SUPPLIED ENTRIES:
—————
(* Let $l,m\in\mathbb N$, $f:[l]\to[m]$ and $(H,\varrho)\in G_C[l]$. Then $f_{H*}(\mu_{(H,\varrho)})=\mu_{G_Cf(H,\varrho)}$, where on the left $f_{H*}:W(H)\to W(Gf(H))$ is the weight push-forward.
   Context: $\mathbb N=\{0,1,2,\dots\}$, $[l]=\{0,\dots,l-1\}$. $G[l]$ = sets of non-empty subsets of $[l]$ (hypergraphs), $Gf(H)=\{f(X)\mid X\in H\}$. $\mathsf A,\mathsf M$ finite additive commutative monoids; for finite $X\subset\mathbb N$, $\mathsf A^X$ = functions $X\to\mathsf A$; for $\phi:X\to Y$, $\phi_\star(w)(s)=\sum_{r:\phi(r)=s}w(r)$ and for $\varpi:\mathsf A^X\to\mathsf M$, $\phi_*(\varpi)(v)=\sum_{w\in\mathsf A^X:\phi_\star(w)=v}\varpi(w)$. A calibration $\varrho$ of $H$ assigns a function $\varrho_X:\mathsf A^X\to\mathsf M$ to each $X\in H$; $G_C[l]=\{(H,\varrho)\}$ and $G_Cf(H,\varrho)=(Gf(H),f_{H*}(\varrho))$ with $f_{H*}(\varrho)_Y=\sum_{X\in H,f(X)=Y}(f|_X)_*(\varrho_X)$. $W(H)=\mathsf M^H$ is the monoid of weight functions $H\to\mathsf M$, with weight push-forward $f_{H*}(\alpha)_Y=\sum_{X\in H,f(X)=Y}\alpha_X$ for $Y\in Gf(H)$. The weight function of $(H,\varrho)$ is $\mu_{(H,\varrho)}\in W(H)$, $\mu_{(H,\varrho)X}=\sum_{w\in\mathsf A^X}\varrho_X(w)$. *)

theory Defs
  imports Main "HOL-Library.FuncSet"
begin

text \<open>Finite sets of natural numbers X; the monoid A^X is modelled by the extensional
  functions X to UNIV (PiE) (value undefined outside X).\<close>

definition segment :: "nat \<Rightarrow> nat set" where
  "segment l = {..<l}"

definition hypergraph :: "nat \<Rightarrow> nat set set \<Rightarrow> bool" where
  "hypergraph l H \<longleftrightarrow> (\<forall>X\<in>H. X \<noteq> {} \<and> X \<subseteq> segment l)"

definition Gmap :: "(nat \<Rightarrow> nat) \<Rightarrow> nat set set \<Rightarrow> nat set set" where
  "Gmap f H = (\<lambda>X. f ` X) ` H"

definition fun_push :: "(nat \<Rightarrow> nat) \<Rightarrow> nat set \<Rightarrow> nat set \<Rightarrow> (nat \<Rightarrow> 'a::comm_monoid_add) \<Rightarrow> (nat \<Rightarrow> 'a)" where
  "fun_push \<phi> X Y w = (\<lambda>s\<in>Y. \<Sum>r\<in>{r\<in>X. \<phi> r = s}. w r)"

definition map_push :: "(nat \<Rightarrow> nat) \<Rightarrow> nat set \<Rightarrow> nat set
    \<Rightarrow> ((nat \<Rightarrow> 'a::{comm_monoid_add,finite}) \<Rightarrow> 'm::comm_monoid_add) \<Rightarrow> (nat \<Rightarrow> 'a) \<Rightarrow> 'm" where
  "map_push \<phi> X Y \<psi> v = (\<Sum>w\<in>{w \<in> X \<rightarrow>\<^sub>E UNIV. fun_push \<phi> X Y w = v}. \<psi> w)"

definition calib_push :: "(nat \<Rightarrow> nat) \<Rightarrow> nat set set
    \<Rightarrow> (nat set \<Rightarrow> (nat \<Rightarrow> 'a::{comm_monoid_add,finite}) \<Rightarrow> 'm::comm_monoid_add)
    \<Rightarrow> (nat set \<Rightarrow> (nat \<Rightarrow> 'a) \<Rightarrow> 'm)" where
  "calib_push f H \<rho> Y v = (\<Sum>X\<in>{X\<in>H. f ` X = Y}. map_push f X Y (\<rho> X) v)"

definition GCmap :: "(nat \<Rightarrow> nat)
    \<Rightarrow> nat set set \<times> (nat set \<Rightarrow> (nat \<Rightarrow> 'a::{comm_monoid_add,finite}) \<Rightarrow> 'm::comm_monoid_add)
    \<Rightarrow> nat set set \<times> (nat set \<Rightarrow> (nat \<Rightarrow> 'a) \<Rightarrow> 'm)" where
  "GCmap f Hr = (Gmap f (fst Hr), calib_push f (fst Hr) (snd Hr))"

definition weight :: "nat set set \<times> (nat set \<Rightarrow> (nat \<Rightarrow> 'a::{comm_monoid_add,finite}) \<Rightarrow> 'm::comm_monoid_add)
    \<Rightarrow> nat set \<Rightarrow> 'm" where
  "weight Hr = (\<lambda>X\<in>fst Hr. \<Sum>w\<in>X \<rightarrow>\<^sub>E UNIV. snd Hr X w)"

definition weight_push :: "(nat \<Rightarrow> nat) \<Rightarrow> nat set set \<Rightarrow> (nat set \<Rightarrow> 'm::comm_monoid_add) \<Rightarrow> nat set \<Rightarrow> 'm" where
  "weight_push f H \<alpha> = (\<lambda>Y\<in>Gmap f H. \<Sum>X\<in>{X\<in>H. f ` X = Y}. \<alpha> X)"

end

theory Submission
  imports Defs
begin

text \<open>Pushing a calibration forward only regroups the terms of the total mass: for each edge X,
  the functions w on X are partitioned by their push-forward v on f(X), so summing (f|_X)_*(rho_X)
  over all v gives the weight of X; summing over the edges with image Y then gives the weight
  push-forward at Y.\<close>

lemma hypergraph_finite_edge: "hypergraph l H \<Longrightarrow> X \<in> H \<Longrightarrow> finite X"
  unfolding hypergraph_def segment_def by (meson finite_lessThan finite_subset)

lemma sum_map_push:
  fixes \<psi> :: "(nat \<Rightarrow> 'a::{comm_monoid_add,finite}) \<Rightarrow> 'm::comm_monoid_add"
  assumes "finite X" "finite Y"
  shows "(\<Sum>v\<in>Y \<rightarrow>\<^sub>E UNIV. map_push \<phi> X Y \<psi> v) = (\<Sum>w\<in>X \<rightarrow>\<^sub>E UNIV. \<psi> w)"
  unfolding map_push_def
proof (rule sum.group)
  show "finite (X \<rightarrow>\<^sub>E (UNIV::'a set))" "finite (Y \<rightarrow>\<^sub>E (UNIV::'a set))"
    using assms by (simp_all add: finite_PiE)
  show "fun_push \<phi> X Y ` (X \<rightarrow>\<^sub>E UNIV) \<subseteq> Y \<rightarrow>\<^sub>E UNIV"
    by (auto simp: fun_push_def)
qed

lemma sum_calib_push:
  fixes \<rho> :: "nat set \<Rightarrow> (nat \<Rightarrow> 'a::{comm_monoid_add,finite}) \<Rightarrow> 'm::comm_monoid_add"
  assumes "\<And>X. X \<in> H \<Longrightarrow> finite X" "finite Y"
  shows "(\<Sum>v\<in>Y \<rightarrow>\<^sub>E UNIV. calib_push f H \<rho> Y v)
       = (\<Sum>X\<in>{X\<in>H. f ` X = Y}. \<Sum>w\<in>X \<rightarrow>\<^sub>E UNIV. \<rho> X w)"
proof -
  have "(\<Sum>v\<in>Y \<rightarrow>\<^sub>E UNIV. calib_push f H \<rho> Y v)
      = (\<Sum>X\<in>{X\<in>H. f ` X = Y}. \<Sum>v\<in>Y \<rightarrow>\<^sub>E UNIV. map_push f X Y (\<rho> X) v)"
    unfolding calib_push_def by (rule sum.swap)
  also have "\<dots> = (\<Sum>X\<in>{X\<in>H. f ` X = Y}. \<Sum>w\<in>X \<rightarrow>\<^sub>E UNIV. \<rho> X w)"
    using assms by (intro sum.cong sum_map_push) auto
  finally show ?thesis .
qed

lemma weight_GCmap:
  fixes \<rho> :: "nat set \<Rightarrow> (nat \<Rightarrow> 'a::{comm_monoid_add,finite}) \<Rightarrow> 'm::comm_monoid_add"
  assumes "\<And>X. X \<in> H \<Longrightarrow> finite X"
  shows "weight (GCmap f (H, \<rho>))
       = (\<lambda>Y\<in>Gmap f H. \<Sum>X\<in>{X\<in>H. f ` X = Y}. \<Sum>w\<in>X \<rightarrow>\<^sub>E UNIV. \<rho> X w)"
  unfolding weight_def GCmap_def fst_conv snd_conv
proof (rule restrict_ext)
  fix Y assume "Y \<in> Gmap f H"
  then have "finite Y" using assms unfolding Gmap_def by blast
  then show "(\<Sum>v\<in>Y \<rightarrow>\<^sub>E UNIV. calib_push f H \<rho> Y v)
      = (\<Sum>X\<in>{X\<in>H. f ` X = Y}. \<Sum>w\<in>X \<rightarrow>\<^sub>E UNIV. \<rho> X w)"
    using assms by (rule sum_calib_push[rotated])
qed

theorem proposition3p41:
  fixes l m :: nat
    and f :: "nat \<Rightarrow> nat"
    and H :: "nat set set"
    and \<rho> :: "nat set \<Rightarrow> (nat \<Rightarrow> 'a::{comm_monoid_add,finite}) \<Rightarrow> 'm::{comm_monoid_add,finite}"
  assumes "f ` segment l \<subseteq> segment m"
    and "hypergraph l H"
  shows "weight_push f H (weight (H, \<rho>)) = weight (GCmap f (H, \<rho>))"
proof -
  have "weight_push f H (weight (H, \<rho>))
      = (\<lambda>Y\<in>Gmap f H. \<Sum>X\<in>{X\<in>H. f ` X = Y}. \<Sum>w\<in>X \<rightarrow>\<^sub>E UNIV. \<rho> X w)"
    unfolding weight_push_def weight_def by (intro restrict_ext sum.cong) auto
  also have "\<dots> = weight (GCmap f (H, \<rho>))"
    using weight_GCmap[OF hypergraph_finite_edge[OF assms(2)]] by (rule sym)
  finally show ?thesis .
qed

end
—————
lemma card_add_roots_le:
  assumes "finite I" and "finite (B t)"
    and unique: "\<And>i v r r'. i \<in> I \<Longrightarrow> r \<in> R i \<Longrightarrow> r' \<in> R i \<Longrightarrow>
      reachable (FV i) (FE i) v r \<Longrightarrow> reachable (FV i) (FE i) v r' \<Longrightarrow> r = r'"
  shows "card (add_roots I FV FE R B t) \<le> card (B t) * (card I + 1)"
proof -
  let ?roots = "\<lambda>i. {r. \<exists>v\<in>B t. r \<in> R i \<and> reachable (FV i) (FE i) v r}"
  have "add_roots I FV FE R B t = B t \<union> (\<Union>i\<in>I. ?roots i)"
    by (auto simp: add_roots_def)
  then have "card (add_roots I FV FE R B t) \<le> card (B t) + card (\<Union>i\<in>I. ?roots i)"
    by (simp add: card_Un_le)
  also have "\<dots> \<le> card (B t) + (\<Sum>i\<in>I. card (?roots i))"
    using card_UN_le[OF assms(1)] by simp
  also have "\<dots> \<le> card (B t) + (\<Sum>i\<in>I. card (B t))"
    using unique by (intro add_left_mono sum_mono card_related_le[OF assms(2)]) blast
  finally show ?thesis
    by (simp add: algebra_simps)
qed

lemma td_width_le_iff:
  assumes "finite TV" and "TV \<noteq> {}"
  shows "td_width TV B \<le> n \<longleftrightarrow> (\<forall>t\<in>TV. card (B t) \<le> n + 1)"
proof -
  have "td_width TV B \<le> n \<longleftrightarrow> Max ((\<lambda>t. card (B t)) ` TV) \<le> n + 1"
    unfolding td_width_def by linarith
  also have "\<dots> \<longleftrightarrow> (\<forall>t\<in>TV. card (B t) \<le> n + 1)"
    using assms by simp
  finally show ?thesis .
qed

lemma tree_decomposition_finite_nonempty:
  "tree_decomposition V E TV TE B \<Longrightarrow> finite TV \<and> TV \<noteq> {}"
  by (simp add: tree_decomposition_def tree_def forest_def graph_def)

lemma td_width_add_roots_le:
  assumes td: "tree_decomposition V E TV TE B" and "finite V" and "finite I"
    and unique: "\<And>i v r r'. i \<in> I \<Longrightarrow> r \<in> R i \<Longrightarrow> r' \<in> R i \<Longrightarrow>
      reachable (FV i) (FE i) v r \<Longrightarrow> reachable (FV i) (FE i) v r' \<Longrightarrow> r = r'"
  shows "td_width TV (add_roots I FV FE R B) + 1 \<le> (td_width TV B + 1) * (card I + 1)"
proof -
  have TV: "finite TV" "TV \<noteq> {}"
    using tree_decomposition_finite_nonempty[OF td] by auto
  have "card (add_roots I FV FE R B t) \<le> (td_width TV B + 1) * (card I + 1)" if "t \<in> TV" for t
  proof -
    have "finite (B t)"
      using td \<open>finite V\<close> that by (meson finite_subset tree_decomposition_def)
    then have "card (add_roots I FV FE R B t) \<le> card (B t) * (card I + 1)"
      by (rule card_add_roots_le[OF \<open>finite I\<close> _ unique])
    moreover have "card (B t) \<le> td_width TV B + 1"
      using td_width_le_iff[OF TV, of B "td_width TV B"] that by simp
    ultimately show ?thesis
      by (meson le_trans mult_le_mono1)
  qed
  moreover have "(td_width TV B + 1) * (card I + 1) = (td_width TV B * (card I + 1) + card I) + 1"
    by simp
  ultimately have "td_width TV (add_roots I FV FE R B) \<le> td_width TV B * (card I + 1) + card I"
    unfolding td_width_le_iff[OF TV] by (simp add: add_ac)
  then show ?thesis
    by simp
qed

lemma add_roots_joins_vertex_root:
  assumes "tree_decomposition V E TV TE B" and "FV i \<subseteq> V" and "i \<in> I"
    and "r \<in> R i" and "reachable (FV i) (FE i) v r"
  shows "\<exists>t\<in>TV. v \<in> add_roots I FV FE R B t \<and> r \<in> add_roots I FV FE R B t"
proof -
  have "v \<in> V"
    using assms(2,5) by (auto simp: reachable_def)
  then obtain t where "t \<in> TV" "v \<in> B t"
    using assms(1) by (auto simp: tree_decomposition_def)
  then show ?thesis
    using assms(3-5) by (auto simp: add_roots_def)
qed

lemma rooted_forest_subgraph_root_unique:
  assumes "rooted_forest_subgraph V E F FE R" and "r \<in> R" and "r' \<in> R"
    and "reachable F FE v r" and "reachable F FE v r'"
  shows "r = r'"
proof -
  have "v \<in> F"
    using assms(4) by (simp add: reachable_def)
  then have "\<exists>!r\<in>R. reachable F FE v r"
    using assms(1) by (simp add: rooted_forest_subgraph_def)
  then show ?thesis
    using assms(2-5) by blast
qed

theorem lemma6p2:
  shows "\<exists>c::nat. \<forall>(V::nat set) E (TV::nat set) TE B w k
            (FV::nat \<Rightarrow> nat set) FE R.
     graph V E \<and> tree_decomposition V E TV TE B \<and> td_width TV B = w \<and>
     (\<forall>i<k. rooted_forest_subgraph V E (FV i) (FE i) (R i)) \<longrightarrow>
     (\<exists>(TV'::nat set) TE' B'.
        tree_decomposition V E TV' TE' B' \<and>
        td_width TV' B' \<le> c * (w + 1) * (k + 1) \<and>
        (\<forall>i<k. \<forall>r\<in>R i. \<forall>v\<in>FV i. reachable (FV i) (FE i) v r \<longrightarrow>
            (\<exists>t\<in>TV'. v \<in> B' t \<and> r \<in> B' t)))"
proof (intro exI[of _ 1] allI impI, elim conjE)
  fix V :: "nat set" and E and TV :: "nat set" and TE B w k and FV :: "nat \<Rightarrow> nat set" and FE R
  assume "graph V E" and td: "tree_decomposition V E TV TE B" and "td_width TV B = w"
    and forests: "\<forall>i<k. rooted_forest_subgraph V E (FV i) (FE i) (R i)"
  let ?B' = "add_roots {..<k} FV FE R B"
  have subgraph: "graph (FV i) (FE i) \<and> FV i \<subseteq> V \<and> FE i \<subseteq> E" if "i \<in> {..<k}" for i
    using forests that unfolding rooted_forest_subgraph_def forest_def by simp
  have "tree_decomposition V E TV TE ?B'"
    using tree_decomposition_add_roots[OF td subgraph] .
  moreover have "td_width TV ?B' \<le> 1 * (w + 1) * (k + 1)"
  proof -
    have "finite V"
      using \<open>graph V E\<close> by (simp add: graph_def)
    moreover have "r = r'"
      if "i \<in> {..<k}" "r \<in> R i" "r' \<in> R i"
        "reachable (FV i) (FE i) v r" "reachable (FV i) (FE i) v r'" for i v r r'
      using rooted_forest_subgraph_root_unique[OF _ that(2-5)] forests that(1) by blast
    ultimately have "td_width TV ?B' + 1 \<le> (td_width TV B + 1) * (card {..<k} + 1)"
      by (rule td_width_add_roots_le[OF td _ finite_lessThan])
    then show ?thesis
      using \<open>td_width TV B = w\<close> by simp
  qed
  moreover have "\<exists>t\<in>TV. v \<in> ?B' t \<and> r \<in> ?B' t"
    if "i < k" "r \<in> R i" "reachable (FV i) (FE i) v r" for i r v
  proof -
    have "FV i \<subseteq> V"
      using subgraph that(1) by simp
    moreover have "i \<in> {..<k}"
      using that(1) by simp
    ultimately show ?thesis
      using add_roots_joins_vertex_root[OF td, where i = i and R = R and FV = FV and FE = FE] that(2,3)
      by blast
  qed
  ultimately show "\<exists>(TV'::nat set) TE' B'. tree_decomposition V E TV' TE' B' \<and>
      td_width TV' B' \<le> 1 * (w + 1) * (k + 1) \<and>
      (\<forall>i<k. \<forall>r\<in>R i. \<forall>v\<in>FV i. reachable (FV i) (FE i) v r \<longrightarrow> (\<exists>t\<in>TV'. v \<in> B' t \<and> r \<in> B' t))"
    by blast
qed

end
—————
WHAT YOU WILL DO: Please state how many lines in the listing contain the string "imports", and give nothing besides that number.

SOLVED PROBLEM: 2